==== RECORD EXTRACTS ====
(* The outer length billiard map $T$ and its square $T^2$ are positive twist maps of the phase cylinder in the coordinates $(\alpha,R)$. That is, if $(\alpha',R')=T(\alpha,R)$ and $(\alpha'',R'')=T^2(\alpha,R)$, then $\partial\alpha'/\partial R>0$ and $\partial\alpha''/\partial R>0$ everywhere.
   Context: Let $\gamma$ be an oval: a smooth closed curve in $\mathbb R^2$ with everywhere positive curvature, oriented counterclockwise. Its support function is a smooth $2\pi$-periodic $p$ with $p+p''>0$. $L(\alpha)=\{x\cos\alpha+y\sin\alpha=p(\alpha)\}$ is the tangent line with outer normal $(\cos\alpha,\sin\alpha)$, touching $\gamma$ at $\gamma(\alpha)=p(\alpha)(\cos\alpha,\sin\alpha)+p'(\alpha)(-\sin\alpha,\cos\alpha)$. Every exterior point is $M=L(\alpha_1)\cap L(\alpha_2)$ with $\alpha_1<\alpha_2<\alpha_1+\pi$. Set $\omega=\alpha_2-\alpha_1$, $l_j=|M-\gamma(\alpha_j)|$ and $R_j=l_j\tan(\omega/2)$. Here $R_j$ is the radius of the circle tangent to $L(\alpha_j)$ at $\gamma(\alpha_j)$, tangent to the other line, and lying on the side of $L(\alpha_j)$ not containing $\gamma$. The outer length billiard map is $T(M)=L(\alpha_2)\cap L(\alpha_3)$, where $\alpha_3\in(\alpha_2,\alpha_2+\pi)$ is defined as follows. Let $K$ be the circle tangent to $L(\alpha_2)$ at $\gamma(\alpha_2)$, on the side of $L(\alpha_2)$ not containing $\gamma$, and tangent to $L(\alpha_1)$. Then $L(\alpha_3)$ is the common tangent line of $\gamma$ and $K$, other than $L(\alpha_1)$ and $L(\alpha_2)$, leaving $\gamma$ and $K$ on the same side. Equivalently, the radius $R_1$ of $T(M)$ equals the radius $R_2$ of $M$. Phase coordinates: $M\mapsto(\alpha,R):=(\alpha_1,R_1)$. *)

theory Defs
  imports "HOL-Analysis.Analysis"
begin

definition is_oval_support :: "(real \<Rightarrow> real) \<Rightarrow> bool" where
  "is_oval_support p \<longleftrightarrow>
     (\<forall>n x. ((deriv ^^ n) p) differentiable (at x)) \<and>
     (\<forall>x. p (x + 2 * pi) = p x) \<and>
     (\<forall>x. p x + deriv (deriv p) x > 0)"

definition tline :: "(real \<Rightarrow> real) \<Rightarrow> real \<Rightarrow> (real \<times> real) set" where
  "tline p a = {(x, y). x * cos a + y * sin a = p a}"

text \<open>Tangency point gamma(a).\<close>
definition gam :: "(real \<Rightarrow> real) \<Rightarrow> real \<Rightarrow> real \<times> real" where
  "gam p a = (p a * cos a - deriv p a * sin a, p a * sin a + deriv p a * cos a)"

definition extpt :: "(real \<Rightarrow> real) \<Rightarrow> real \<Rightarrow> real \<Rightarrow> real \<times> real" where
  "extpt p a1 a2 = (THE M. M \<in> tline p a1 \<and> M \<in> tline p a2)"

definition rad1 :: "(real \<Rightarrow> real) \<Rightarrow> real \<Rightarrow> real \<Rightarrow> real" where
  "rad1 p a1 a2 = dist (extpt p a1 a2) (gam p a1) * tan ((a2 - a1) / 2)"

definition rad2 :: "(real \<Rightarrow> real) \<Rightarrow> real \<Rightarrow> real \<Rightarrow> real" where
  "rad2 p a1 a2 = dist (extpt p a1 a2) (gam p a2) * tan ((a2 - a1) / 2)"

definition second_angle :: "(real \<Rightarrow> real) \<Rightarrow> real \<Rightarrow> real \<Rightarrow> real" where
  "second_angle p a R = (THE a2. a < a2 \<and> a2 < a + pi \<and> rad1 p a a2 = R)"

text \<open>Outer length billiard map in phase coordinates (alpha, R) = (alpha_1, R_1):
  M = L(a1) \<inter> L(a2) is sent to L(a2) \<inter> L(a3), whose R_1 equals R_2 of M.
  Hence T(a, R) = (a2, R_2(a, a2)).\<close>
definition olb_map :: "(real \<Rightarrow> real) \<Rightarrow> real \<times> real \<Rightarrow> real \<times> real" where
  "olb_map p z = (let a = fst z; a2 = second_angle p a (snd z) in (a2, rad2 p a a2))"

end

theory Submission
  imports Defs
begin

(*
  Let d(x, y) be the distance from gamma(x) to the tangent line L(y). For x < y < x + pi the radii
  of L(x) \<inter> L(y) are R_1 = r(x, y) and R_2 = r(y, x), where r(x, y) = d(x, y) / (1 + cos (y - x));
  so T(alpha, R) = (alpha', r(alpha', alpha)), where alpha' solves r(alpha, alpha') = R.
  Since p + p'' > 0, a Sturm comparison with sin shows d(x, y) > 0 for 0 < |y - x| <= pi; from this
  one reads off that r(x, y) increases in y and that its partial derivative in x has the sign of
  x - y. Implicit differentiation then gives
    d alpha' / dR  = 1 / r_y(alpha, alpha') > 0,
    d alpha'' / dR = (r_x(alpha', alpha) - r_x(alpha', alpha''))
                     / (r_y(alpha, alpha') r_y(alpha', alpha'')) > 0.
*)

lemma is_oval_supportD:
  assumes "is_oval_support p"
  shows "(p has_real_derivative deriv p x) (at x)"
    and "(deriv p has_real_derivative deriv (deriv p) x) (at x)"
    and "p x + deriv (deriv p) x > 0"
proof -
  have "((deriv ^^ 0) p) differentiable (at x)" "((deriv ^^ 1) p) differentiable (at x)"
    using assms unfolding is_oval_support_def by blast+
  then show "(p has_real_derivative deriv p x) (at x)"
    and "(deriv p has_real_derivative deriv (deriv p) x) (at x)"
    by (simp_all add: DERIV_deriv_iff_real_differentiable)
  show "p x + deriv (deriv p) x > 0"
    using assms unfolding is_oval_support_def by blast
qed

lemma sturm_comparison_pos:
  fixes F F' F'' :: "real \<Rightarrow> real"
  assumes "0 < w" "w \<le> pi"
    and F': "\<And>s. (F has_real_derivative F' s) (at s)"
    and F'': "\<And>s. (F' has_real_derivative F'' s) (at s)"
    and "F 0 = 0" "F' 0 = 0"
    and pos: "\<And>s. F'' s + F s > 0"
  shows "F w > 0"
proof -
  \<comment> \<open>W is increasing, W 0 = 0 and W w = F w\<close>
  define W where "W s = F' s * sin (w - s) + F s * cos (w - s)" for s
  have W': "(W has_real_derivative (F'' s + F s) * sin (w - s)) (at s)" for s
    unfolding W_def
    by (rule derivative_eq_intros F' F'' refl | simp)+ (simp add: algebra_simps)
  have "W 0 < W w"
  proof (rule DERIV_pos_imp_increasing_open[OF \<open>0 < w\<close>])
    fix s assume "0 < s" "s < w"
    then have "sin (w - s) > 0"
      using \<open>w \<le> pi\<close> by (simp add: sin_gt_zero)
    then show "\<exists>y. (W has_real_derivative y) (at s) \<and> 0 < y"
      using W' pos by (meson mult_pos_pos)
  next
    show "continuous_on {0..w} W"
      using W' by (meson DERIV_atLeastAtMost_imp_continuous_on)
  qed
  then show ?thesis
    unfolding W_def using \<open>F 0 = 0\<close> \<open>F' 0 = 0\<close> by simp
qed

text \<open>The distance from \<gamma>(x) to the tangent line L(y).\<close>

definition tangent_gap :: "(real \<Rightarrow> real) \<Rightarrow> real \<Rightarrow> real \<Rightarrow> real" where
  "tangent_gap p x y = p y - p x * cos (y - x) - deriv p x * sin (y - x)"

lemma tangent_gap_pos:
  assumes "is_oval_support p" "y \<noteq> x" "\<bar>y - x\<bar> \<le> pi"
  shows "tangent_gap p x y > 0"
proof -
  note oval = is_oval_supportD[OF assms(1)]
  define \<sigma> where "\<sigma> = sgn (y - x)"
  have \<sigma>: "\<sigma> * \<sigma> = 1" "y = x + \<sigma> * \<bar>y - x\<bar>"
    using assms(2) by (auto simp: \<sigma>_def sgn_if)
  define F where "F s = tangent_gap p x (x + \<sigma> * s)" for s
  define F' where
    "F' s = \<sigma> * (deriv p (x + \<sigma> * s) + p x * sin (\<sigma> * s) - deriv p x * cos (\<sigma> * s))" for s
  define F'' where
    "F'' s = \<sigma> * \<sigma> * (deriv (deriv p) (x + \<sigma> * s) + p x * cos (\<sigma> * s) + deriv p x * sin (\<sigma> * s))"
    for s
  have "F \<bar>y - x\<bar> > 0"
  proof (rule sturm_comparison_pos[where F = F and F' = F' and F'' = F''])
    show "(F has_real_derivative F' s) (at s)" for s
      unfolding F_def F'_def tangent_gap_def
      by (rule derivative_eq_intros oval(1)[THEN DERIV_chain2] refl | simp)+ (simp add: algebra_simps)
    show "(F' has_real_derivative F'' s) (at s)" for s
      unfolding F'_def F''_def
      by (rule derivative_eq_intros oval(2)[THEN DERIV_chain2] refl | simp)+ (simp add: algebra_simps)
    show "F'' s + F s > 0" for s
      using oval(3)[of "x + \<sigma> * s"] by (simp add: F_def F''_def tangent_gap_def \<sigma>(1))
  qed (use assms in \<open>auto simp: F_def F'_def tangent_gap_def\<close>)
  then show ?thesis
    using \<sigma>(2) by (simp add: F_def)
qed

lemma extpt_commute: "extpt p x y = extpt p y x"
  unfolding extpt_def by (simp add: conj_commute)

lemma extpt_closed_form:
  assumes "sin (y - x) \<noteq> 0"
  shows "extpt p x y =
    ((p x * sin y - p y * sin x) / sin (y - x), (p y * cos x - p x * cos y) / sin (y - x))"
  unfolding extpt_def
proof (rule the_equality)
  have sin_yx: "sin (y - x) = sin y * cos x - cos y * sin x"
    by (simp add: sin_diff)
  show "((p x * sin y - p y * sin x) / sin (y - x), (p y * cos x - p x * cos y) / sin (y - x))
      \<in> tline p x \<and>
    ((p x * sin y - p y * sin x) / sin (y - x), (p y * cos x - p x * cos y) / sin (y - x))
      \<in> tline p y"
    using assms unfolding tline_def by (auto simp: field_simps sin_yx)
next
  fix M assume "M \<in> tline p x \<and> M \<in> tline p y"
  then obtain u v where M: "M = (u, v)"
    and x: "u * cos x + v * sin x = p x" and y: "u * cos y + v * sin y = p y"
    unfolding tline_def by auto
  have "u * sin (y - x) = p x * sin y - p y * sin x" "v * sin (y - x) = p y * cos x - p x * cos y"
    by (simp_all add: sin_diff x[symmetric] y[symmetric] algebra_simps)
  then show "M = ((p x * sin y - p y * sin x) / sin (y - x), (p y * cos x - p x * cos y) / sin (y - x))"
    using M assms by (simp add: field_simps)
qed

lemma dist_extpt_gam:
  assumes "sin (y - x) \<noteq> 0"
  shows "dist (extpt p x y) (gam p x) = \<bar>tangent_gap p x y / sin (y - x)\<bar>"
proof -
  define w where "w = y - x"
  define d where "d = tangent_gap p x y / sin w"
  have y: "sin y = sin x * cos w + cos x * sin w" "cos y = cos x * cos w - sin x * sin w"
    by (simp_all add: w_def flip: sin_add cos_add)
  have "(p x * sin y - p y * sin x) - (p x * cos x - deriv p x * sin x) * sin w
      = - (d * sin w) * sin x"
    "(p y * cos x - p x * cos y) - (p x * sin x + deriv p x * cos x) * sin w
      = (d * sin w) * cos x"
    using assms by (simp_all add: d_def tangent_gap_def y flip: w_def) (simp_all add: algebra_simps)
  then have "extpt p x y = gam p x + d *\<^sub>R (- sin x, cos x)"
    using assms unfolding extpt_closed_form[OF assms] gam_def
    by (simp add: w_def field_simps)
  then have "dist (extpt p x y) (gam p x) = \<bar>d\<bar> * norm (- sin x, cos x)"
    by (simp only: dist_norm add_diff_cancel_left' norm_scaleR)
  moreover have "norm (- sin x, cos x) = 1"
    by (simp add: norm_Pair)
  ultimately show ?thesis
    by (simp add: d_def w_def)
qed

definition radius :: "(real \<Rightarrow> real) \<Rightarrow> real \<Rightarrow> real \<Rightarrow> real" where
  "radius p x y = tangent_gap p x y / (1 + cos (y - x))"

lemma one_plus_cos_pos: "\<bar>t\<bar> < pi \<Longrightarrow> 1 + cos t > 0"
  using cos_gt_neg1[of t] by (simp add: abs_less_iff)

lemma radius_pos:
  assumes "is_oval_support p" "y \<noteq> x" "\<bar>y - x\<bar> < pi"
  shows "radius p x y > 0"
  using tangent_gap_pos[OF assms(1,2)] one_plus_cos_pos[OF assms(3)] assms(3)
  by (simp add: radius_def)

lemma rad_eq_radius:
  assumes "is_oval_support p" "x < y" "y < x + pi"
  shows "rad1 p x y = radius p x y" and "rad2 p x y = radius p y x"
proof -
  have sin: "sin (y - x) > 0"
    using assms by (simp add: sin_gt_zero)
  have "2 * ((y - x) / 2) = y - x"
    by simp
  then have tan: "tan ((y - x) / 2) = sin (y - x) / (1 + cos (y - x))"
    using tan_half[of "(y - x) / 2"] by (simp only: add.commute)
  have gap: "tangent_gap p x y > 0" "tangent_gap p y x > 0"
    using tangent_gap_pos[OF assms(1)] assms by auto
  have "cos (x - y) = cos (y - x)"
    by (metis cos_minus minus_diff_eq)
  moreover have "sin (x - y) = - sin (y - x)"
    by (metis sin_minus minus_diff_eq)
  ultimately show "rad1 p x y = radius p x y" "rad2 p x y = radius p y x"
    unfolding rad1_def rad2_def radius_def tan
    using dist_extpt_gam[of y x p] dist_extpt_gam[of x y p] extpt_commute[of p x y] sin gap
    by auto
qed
====
TASK STATEMENT: Look through the entries above; find each line with the word "unfolding" and copy it.

ANSWER AREA:
    using assms unfolding is_oval_support_def by blast+
    using assms unfolding is_oval_support_def by blast
    unfolding W_def
    unfolding W_def using \<open>F 0 = 0\<close> \<open>F' 0 = 0\<close> by simp
      unfolding F_def F'_def tangent_gap_def
      unfolding F'_def F''_def
  unfolding extpt_def by (simp add: conj_commute)
  unfolding extpt_def
    using assms unfolding tline_def by (auto simp: field_simps sin_yx)
    unfolding tline_def by auto
    using assms unfolding extpt_closed_form[OF assms] gam_def
    unfolding rad1_def rad2_def radius_def tan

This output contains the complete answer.